Rupanya, karena keinginan kuatnya ini, Pulan terus memperlihatkan etos kerja serta dedikasi tinggi terhadap pekerjaan dan atasannya. 

Sehingga akhirnya Kepala Daerah yang kala itu masih dijabat oleh DM (nama inisial) memberikan kepercayaan pada Pulan untuk memimpin sebuah kecamatan. Otomatis, eselonnya pun naik menjadi III A.

Apakah dia puas? Tidak. Pulan terus bermimpi memperbaiki posisinya. Hingga akhirnya, setelah beberapa tahun dilewati. Pada Oktober 2019 lalu, Pulan berhasil naik menjadi seorang Kepala Dinas atau setingkat eselon II B.

Posisi ini hanya kalah oleh jabatan Sekretaris daerah (Sekda) sebagai jabatan karir tertinggi di tataran pemerintahan daerah untuk lingkup Aparatur Sipil Negara (ASN). Karena jabatan pimpinan daerah adalah jabatan politik.

Awal-awal ditunjuk menjadi seorang kepala dinas, Pulan tampak sumringah. Penulis pun beberapa kali diundang untuk merayakan keberhasilannya ini. Ada rasa bangga, rasa puas, dan rasa bahahia terpancar di wajahnya.

Tapi, itu hanya berlaku pada bulan pertama sejak dia  naik jabatan. Bulan berikutnya, mulai ada keluh kesah dan sedikit menyesal.

Kenapa? Karena semenjak diangkat menjadi seorang kepala dinas, menurutnya ada beberapa poin penting yang seolah hilang dalam dirinya.

Pulan mulai menyadari, jabatan dan penghasilan meningkat tentu saja disesuaikan dengan kedudukannya sekarang tidak bisa menjamin hidupnya bahagia dan rumah tangganya harmonis.

Maaf, bukan bermasud untuk jadi tukang gosip, apalagi berniat menyaingi Lambe Turah, semenjak posisi naik, Pulan justeru lebih sering cekcok dengan isterinya.

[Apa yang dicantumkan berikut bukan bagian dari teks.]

lemma ln_sqnorm_stretch_direction_le:
  assumes "0 < k" and "orthonormal_columns k Q" and "\<And>j. j < k \<Longrightarrow> Q 0 j = e j"
    and "0 < sqnorm k v" and "0 \<le> t"
  shows "ln (sqnorm k (mat_vec k (mat_mul k (stretch_first t) Q) v))
    \<le> ln (sqnorm k v) + (2 * t + t\<^sup>2) * ((dot k e v)\<^sup>2 / sqnorm k v)"
proof -
  define c where "c = (dot k e v)\<^sup>2 / sqnorm k v"
  have "0 \<le> c"
    by (simp add: c_def)
  have "sqnorm k (mat_vec k (mat_mul k (stretch_first t) Q) v) = sqnorm k v * (1 + (2 * t + t\<^sup>2) * c)"
    using sqnorm_stretch_direction[OF assms(1-3)] assms(4) by (simp add: c_def field_simps)
  moreover have "0 < 1 + (2 * t + t\<^sup>2) * c"
    using \<open>0 \<le> c\<close> assms(5) by (simp add: add_pos_nonneg)
  moreover have "ln (1 + (2 * t + t\<^sup>2) * c) \<le> (2 * t + t\<^sup>2) * c"
    using \<open>0 \<le> c\<close> assms(5) by (intro ln_add_one_self_le_self) simp
  ultimately show ?thesis
    using assms(4) by (simp add: ln_mult_pos c_def)
qed

definition window :: "nat \<Rightarrow> nat \<Rightarrow> nat \<Rightarrow> nat" where
  "window m t i = (t + i) mod m"

lemma add_mod_cancel_left_less:
  fixes m :: nat
  assumes "i < m" and "j < m" and "(t + i) mod m = (t + j) mod m"
  shows "i = j"
proof -
  have False if "a < b" "b < m" "(t + a) mod m = (t + b) mod m" for a b
  proof -
    have "m dvd (t + b) - (t + a)"
      using mod_eq_dvd_iff_nat[of "t + a" "t + b" m] that by simp
    then have "m dvd b - a"
      by simp
    moreover have "0 < b - a" "b - a < m"
      using that by auto
    ultimately show False
      using nat_dvd_not_less by blast
  qed
  then show ?thesis
    using assms by (metis linorder_neqE_nat)
qed

lemma sum_rotate:
  fixes h :: "nat \<Rightarrow> 'a :: comm_monoid_add"
  assumes "0 < m"
  shows "(\<Sum>t<m. h ((t + i) mod m)) = (\<Sum>t<m. h t)"
proof -
  have inj: "inj_on (\<lambda>t. (t + i) mod m) {..<m}"
  proof (rule inj_onI)
    fix s t assume "s \<in> {..<m}" "t \<in> {..<m}" "(s + i) mod m = (t + i) mod m"
    then have "s < m" "t < m" "(i + s) mod m = (i + t) mod m"
      by (simp_all only: lessThan_iff add.commute)
    then show "s = t"
      by (rule add_mod_cancel_left_less)
  qed
  have "(\<lambda>t. (t + i) mod m) ` {..<m} = {..<m}"
    using inj assms by (intro endo_inj_surj) auto
  then show ?thesis
    using sum.reindex[OF inj, of h] by simp
qed

lemma sum_window:
  fixes h :: "nat \<Rightarrow> real"
  assumes "0 < m"
  shows "(\<Sum>t<m. \<Sum>i<k. h (window m t i)) = real k * (\<Sum>x<m. h x)"
proof -
  have "(\<Sum>t<m. \<Sum>i<k. h (window m t i)) = (\<Sum>i<k. \<Sum>t<m. h ((t + i) mod m))"
    unfolding window_def by (rule sum.swap)
  also have "\<dots> = (\<Sum>i<k. \<Sum>x<m. h x)"
    by (intro sum.cong refl sum_rotate[OF assms])
  finally show ?thesis
    by simp
qed

text \<open>The cyclic windows \<open>u x, u (x + 1), \<dots>, u (x + k - 1)\<close> (indices mod \<open>m\<close>) are
  bases; this is the general position needed to bound the potential below.\<close>

definition windows_nonsingular :: "nat \<Rightarrow> nat \<Rightarrow> (nat \<Rightarrow> nat \<Rightarrow> real) \<Rightarrow> bool" where
  "windows_nonsingular k m u \<longleftrightarrow> (\<forall>t<m. mat_det k (\<lambda>i. u (window m t i)) \<noteq> 0)"
(* Let $N=2n$, and let $B_1,B_2$ be finite tensor products of crystals of the forms $B^{t}$ and $B^{s\vee}$ ($s,t\ge1$) of type $A^{(1)}_{N-1}$. For $b_i\in B_i$, if $R_{B_2,B_1}(b_2\otimes b_1)=b_1'\otimes b_2'$, then $R_{\mathrm{rev}(B_1),\mathrm{rev}(B_2)}(b_1^*\otimes b_2^* )=b_2'^*\otimes b_1'^*$.
   Context: $B^1$ is the $U_q'(A^{(1)}_{N-1})$-crystal with elements $1,\dots,N$, $f_i(i)=i+1$ for $1\le i\le N-1$, $f_0(N)=1$ (all other $f_i$ zero). $B^t$ ($=B^{1,t}$) is the Kirillov–Reshetikhin crystal whose elements are weakly increasing words $b_t\cdots b_1$ of length $t$ in $1<\dots<N$; $B^{s\vee}$ is its contragredient dual (elements $b^\vee$, $f_i(b^\vee)=e_i(b)^\vee$); $B^{1\vee}$ has elements $j^\vee$, viewed as totally ordered $N^\vee<\dots<1^\vee$, and elements of $B^{s\vee}$ are weakly increasing words in this order. Tensor product convention: $f_i(b_2\otimes b_1)=f_i(b_2)\otimes b_1$ if $\varepsilon_i(b_2)\ge\varphi_i(b_1)$ and $b_2\otimes f_i(b_1)$ otherwise. The involution $*$: on letters $j^*=N+1-j$ and $(j^\vee)^*=(N+1-j)^\vee$; on a word (element of $B^t$ or $B^{s\vee}$) $(x_m\cdots x_1)^*=x_1^*\cdots x_m^*$; on tensor products $(x_m\otimes\cdots\otimes x_1)^*=x_1^*\otimes\cdots\otimes x_m^*$. For a tensor product $B=X_m\otimes\cdots\otimes X_1$, $\mathrm{rev}(B)=X_1\otimes\cdots\otimes X_m$, so $*:B\to\mathrm{rev}(B)$. For tensor products $X,Y$ of such crystals, $R_{X,Y}:X\otimes Y\to Y\otimes X$ is the unique crystal isomorphism (combinatorial $R$-matrix). *)

theory Defs
  imports Main
begin

text \<open>Letters are naturals 1..N, Dirac indices i in {0..<N}.
A factor is either B^t (Sym t) or the dual B^(s vee) (Dual s).
An element of Sym t is the word b_t...b_1 stored as the list [b_t,...,b_1] (weakly increasing).
An element of Dual s is the word x_s...x_1 of dual letters j^vee, stored as the list of the
underlying j's in written order; weakly increasing in the dual order means numerically
weakly decreasing. Its underlying element b of B^s is the reversed (ascending) list.\<close>

datatype kind = Sym nat | Dual nat

definition kind_ok :: "kind \<Rightarrow> bool" where
  "kind_ok k = (case k of Sym t \<Rightarrow> t \<ge> 1 | Dual s \<Rightarrow> s \<ge> 1)"

fun elemsK :: "nat \<Rightarrow> kind \<Rightarrow> nat list set" where
  "elemsK N (Sym t) = {w. length w = t \<and> sorted w \<and> set w \<subseteq> {1..N}}"
| "elemsK N (Dual s) = {w. length w = s \<and> sorted (rev w) \<and> set w \<subseteq> {1..N}}"

text \<open>Tensor product X_m \<otimes> ... \<otimes> X_1 is the kind list [X_m,...,X_1];
its elements are lists [x_m,...,x_1].\<close>
definition elemsT :: "nat \<Rightarrow> kind list \<Rightarrow> nat list list set" where
  "elemsT N ks = {xs. list_all2 (\<lambda>k x. x \<in> elemsK N k) ks xs}"

definition epsS :: "nat \<Rightarrow> nat \<Rightarrow> nat list \<Rightarrow> nat" where
  "epsS N i w = (if i = 0 then count_list w 1 else count_list w (i+1))"

definition phiS :: "nat \<Rightarrow> nat \<Rightarrow> nat list \<Rightarrow> nat" where
  "phiS N i w = (if i = 0 then count_list w N else count_list w i)"

definition fS :: "nat \<Rightarrow> nat \<Rightarrow> nat list \<Rightarrow> nat list option" where
  "fS N i w = (if i = 0 then (if N \<in> set w then Some (sort (1 # remove1 N w)) else None)
               else (if i \<in> set w then Some (sort ((i+1) # remove1 i w)) else None))"

definition eS :: "nat \<Rightarrow> nat \<Rightarrow> nat list \<Rightarrow> nat list option" where
  "eS N i w = (if i = 0 then (if 1 \<in> set w then Some (sort (N # remove1 1 w)) else None)
               else (if (i+1) \<in> set w then Some (sort (i # remove1 (i+1) w)) else None))"

text \<open>Factors, with the contragredient dual: f_i(b^vee) = e_i(b)^vee,
eps_i(b^vee) = phi_i(b), phi_i(b^vee) = eps_i(b).\<close>
fun epsK :: "nat \<Rightarrow> kind \<Rightarrow> nat \<Rightarrow> nat list \<Rightarrow> nat" where
  "epsK N (Sym t) i w = epsS N i w"
| "epsK N (Dual s) i w = phiS N i (rev w)"

fun phiK :: "nat \<Rightarrow> kind \<Rightarrow> nat \<Rightarrow> nat list \<Rightarrow> nat" where
  "phiK N (Sym t) i w = phiS N i w"
| "phiK N (Dual s) i w = epsS N i (rev w)"

fun fK :: "nat \<Rightarrow> kind \<Rightarrow> nat \<Rightarrow> nat list \<Rightarrow> nat list option" where
  "fK N (Sym t) i w = fS N i w"
| "fK N (Dual s) i w = map_option rev (eS N i (rev w))"
(* Let $0\le r_A,r_B\le n$ with $m=r_A+r_B-n\ge1$, $a=n-r_A\ge1$, $b=n-r_B\ge1$, let $p,q,r\in\mathbb R$, let $S\in\mathbb C^{m\times m}$ be invertible self-adjoint, and set $P=pF_{m\times b}$, $Q=qF_{a\times b}$, $R=rF_{a\times m}$. Consider the vertex coupling given by the PQRS-form $B_{PQRS}\Psi'=A_{PQRS}\Psi$ with scattering matrix $\mathcal S(k)$. Split the edge indices into blocks $\{1\}=\{1,\dots,m\}$, $\{2\}=\{m+1,\dots,m+a\}$, $\{3\}=\{m+a+1,\dots,n\}$. Put $l_p=(n-r_B)(r_A+r_B-n)$, $l_q=(n-r_B)(n-r_A)$, $l_r=(n-r_A)(r_A+r_B-n)$, $D_\infty=1+l_p|p|^2+l_q|q-mrp|^2$ and $D_0=1+l_r|r|^2+l_q|q|^2$. Then for every $i\in\{\mu\}$, $j\in\{\nu\}$ the limits of $|\mathcal S(k)_{ij}|$ depend only on the blocks, and $$\lim_{k\to\infty}|\mathcal S_{\{1\}\{2\}}(k)|=\frac{2(n-r_B)|p|\,|q-mrp|}{D_\infty},\quad \lim_{k\to\infty}|\mathcal S_{\{2\}\{3\}}(k)|=\frac{2|q-mrp|}{D_\infty},\quad \lim_{k\to\infty}|\mathcal S_{\{3\}\{1\}}(k)|=\frac{2|p|}{D_\infty},$$ $$\lim_{k\to0^+}|\mathcal S_{\{1\}\{2\}}(k)|=\frac{2|r|}{D_0},\quad \lim_{k\to0^+}|\mathcal S_{\{2\}\{3\}}(k)|=\frac{2|q|}{D_0},\quad \lim_{k\to0^+}|\mathcal S_{\{3\}\{1\}}(k)|=\frac{2(n-r_A)|r|\,|q|}{D_0}.$$
   Context: $I^{(j)}$ denotes the $j\times j$ identity matrix and $F_{u\times v}$ denotes the $u\times v$ matrix all of whose entries equal $1$. The PQRS-form boundary condition is $B_{PQRS}\Psi'=A_{PQRS}\Psi$ with $\Psi,\Psi'\in\mathbb C^n$ and (block sizes $m,a,b$) $$B_{PQRS}=\begin{pmatrix} I^{(m)} & 0 & P\\ R & I^{(a)} & Q\\ 0&0&0\end{pmatrix},\qquad A_{PQRS}=\begin{pmatrix} S & -SR^* & 0\\ 0&0&0\\ -P^* & (RP-Q)^* & I^{(b)}\end{pmatrix}.$$ Its scattering matrix is $\mathcal S(k)=-(A+\mathrm ikB)^{-1}(A-\mathrm ikB)$ for $k>0$, where $A=-A_{PQRS}$, $B=B_{PQRS}$. $\mathcal S_{\{\mu\}\{\nu\}}(k)$ denotes any entry $\mathcal S(k)_{ij}$ with $i$ in block $\{\mu\}$ and $j$ in block $\{\nu\}$. *)

theory Defs
  imports Complex_Main "Jordan_Normal_Form.Gauss_Jordan_Elimination"
begin

definition adj :: "complex mat \<Rightarrow> complex mat" where
  "adj M = transpose_mat (map_mat cnj M)"

definition ones_mat :: "nat \<Rightarrow> nat \<Rightarrow> complex mat" where
  "ones_mat u v = mat u v (\<lambda>_. 1)"

definition blk :: "nat \<Rightarrow> nat \<Rightarrow> nat \<Rightarrow> nat" where
  "blk m a i = (if i < m then 0 else if i < m + a then 1 else 2)"

definition blk_off :: "nat \<Rightarrow> nat \<Rightarrow> nat \<Rightarrow> nat" where
  "blk_off m a u = (if u = 0 then 0 else if u = 1 then m else m + a)"

definition block3 :: "nat \<Rightarrow> nat \<Rightarrow> nat \<Rightarrow> complex mat list list \<Rightarrow> complex mat" where
  "block3 m a b M = mat (m + a + b) (m + a + b)
     (\<lambda>(i,j). (M ! blk m a i ! blk m a j) $$ (i - blk_off m a (blk m a i), j - blk_off m a (blk m a j)))"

Dan, ini sangat mengganggu sekali pikirannya.

Diakui Pulan, setidaknya ada tiga hal yang hilang dalam dirinya semenjak menduduki kursi kepala dinas.

Pertama adalah sudah barang tentu beban pekerjaan dan tanggung jawab jauh lebih meningkat.

Dengan setumpuk pekerjaan dan tanggung jawab besar sebagai seorang pimpinan, tak jarang dia harus pulang larut malam dan mengorbankan segala hobby-nya di luar jam kantor. Padahal, Hobby-nya itu adalah sarana dia untuk menyegarkan kembali pikiran dari segala beban dan penat.

Kedua, karena kesibukan dan tanggung jawabnya yang tinggi sebagai pimpinan, Pulan harus bisa menjaga sikap agar bisa dihormati dan disegani anak buahnya.

Namun, dengan begitu, Pulan pun terpaksa harus kehilangan hal-hal indah yang biasanya sering dirasakan bersama dengan kolega-kolega di kantornya. Seperti send gurau atau hal lainnya.

Ketiga, kembali akibat kesibukan dan beban kerjaan yang menumpuk serta loyalitas yang harus ditunjukan pada pimpinan daerah, membuat Pulan sering kali tidak bisa mengatur waktu buat keluarga.

Dampak dari jabatan yang didudukinya sekarang, Pulan seringkali melakukan kunjungan kerja ke luar daerah hingga beberapa hari lamanya. Sekalipun tidak keluar daerah, waktu pulang banyak dihabiskan di kantor.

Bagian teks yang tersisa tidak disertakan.